Aussitôt, elle agrippe mon épaule pour plier mon mètre quatre-vingt-sept à sa hauteur et m’en claquer une sur chaque joue. Elle s’efface pour nous laisser entrer puis nous houspille pour nous faire avancer.
- « ouste, j’ai quelque chose sur le feu ». Elle ajoute « je vous préviens, je n’ai rien fait de spécial, j’ai fait comme pour Toni » Je ris :
- « vous dites que … vous avez fait comme pour votre fils … »
Piquée, elle relève la tête, le menton en avant, plonge ses yeux électriques dans les miens, quelques secondes. Mais, avec un demi sourire, je lui dis :
- « merci Amélia ».
Alors, elle repart, toujours raidie et pourtant, j’ai cru déceler une lueur de satisfaction dans son œil.
- « oh, vous savez, je m’entendrai peut-être mieux avec un gendre qu’avec une bru »
- « Amélia ! »
- « … »
- « Amélia, dites-moi TU, s’il vous plait »
Elle suspend son geste, me regarde à nouveau comme si elle me transperçait mais je désarme son regard par la constance de mon sourire. Elle replonge les yeux et les mains dans sa préparation, dodelinant de la tête :
- « bon, ça va pas être facile mais je vais m’appliquer »
Puis elle bascule vers l’arrière, en appui sur sa jambe droite, tend un peu le cou pour parler par-dessus mon épaule et me contourner :
- « Toni, montre-lui et mettez la table, tous les deux »

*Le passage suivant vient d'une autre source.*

(* For $n\ge 2$ let $G_n$ be the intersection graph of the $\binom{n}{2}$ closed intervals $[i,j]$, $1\le i<j\le n$. Then $c(G_n)\le p(G_n)\le \log n+1$, where $\log$ is base $2$.
   Context: A comparability graph is a graph admitting a transitive orientation. $p(G)$ is the minimum number $m$ such that $E(G)$ is the union of the edge sets of $m$ pairwise edge-disjoint comparability subgraphs of $G$; $c(G)$ is the minimum number of comparability subgraphs of $G$ (not necessarily edge-disjoint) whose edge sets cover $E(G)$. *)

theory Defs
  imports Complex_Main
begin

definition simple_graph :: "'a set \<Rightarrow> 'a set set \<Rightarrow> bool" where
  "simple_graph V E \<longleftrightarrow> (\<forall>e\<in>E. \<exists>u v. u \<noteq> v \<and> u \<in> V \<and> v \<in> V \<and> e = {u, v})"

definition transitive_orientation :: "'a set \<Rightarrow> 'a set set \<Rightarrow> ('a \<times> 'a) set \<Rightarrow> bool" where
  "transitive_orientation V E R \<longleftrightarrow>
     R \<subseteq> V \<times> V \<and>
     (\<forall>u v. {u, v} \<in> E \<and> u \<noteq> v \<longleftrightarrow> (u, v) \<in> R \<or> (v, u) \<in> R) \<and>
     (\<forall>u v. (u, v) \<in> R \<longrightarrow> (v, u) \<notin> R) \<and>
     trans R"

definition comparability_graph :: "'a set \<Rightarrow> 'a set set \<Rightarrow> bool" where
  "comparability_graph V E \<longleftrightarrow> simple_graph V E \<and> (\<exists>R. transitive_orientation V E R)"

definition subgraph :: "'a set \<Rightarrow> 'a set set \<Rightarrow> 'a set \<Rightarrow> 'a set set \<Rightarrow> bool" where
  "subgraph W F V E \<longleftrightarrow> W \<subseteq> V \<and> F \<subseteq> E \<and> simple_graph W F"

definition p_num :: "'a set \<Rightarrow> 'a set set \<Rightarrow> nat" where
  "p_num V E = (LEAST m. \<exists>W F. (\<forall>i<m. subgraph (W i) (F i) V E \<and> comparability_graph (W i) (F i))
        \<and> (\<Union>i<m. F i) = E \<and> (\<forall>i<m. \<forall>j<m. i \<noteq> j \<longrightarrow> F i \<inter> F j = {}))"

definition c_num :: "'a set \<Rightarrow> 'a set set \<Rightarrow> nat" where
  "c_num V E = (LEAST m. \<exists>W F. (\<forall>i<m. subgraph (W i) (F i) V E \<and> comparability_graph (W i) (F i))
        \<and> (\<Union>i<m. F i) = E)"

definition Gn_vertices :: "nat \<Rightarrow> (nat \<times> nat) set" where
  "Gn_vertices n = {(i, j). 1 \<le> i \<and> i < j \<and> j \<le> n}"

definition Gn_edges :: "nat \<Rightarrow> (nat \<times> nat) set set" where
  "Gn_edges n = {{a, b} | a b. a \<in> Gn_vertices n \<and> b \<in> Gn_vertices n \<and> a \<noteq> b \<and>
       {real (fst a)..real (snd a)} \<inter> {real (fst b)..real (snd b)} \<noteq> {}}"

end

theory Submission
  imports Defs "HOL-Library.Log_Nat"
begin

text \<open>Give the edge between the intervals a and b the level k at which the dyadic blocks
  of size 2^k containing their endpoints first coincide, i.e. the position of the leading
  binary digit in which the endpoint pairs differ. All endpoints are below 2^L for
  L = floorlog 2 n, so L levels partition the edges. Along a path a, b, c inside one level,
  all left endpoints share their binary prefix P above bit k and all right endpoints share a
  prefix Q, and ranking the digit pairs at bit k as (1,0) < (0,0) < (1,1) < (0,1) orients
  the level transitively: if P < Q any two of its intervals overlap, and if P = Q its only
  edges join (0,1) to (0,0) or (1,1), so the maximal rank of (0,1) leaves no directed path
  of length two.\<close>

definition comparability_cover ::
    "'a set \<Rightarrow> 'a set set \<Rightarrow> nat \<Rightarrow> (nat \<Rightarrow> 'a set) \<Rightarrow> (nat \<Rightarrow> 'a set set) \<Rightarrow> bool" where
  "comparability_cover V E m W F \<longleftrightarrow>
     (\<forall>i<m. subgraph (W i) (F i) V E \<and> comparability_graph (W i) (F i)) \<and> (\<Union>i<m. F i) = E"

definition comparability_partition ::
    "'a set \<Rightarrow> 'a set set \<Rightarrow> nat \<Rightarrow> (nat \<Rightarrow> 'a set) \<Rightarrow> (nat \<Rightarrow> 'a set set) \<Rightarrow> bool" where
  "comparability_partition V E m W F \<longleftrightarrow>
     comparability_cover V E m W F \<and> (\<forall>i<m. \<forall>j<m. i \<noteq> j \<longrightarrow> F i \<inter> F j = {})"

lemma p_num_eq: "p_num V E = (LEAST m. \<exists>W F. comparability_partition V E m W F)"
  unfolding p_num_def comparability_partition_def comparability_cover_def by simp

lemma c_num_eq: "c_num V E = (LEAST m. \<exists>W F. comparability_cover V E m W F)"
  unfolding c_num_def comparability_cover_def by simp

lemma p_num_le: "comparability_partition V E m W F \<Longrightarrow> p_num V E \<le> m"
  unfolding p_num_eq by (blast intro: Least_le)

lemma c_num_le_p_num:
  assumes "comparability_partition V E m W F"
  shows "c_num V E \<le> p_num V E"
proof -
  have "\<exists>W F. comparability_partition V E (p_num V E) W F"
    unfolding p_num_eq by (rule LeastI_ex) (use assms in blast)
  then have "\<exists>W F. comparability_cover V E (p_num V E) W F"
    unfolding comparability_partition_def by blast
  then show ?thesis
    unfolding c_num_eq by (rule Least_le)
qed

lemma atLeastAtMost_overlap_iff:
  fixes a b c d :: "'a :: linorder"
  shows "{a..b} \<inter> {c..d} \<noteq> {} \<longleftrightarrow> a \<le> b \<and> c \<le> d \<and> a \<le> d \<and> c \<le> b"
  by auto

lemma nat_interval_overlap_iff:
  "{real i..real j} \<inter> {real i'..real j'} \<noteq> {} \<longleftrightarrow> i \<le> j \<and> i' \<le> j' \<and> i \<le> j' \<and> i' \<le> j"
  by (simp only: atLeastAtMost_overlap_iff of_nat_le_iff)

lemma Gn_edge_iff:
  "{a, b} \<in> Gn_edges n \<longleftrightarrow>
     a \<in> Gn_vertices n \<and> b \<in> Gn_vertices n \<and> a \<noteq> b \<and> fst a \<le> snd b \<and> fst b \<le> snd a"
proof
  assume "{a, b} \<in> Gn_edges n"
  then obtain a' b' where "{a, b} = {a', b'}" "a' \<in> Gn_vertices n" "b' \<in> Gn_vertices n" "a' \<noteq> b'"
      "fst a' \<le> snd b'" "fst b' \<le> snd a'"
    unfolding Gn_edges_def nat_interval_overlap_iff by blast
  then show "a \<in> Gn_vertices n \<and> b \<in> Gn_vertices n \<and> a \<noteq> b \<and> fst a \<le> snd b \<and> fst b \<le> snd a"
    by (auto simp: doubleton_eq_iff)
next
  assume "a \<in> Gn_vertices n \<and> b \<in> Gn_vertices n \<and> a \<noteq> b \<and> fst a \<le> snd b \<and> fst b \<le> snd a"
  moreover then have "fst a \<le> snd a" "fst b \<le> snd b"
    unfolding Gn_vertices_def by auto
  ultimately show "{a, b} \<in> Gn_edges n"
    unfolding Gn_edges_def nat_interval_overlap_iff by blast
qed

Et elle me chasse d’un petit vent de la main … Elle vaque, toujours en mouvement, crevant d’envie de poser mille questions, inquiète ou curieuse ? Les deux sans doute, mais je ne sens aucune hostilité. Elle aime son fils, inconditionnellement. Alors, je rebats un peu les cartes :
- « Amélia, vous savez prendre les transports en commun, vous venez parfois faire des courses. Vous êtes la bienvenue chez nous, n’est-ce pas Toni ? »
Il opine et pourtant … j’ai capté son hésitation.
Dans la voiture, j’y reviens :
- « tu n’es pas invité comme à l’hôtel, Toni. Tu as les clés et c’est désormais TA maison. Ce soir, si tu es toujours ok, on partage les placards et on ajoute ton nom sur la boite aux lettres. Je ne sais pas ce que nous deviendrons car « En ce monde, rien n’est certain sauf la mort et les impôts* » mais ce que je sais, c’est que cent pour cent des gagnants avaient acheté un billet, ils ne se sont pas contentés de se dire qu’ils pourraient le faire. Alors on ne va pas regarder passer les trains, je veux qu’on essaie vraiment, … et que ta mère puisse venir chez nous. » Je ris : « pour la rassurer sur le sort de son fils chéri. »
En silence, il bascule latéralement dans son siège pour poser quelques secondes sa tête sur mon épaule.
*Benjamin Franklin (1706/1790) : humaniste, écrivain, scientifique et politique qui participa à l’écriture de la Constitution des Etats-Unis d’Amérique. Ambassadeur en France, il obtint de Louis XVI l’envoi d’une armée de soutien aux américains indépendantistes, commandée par La Fayette.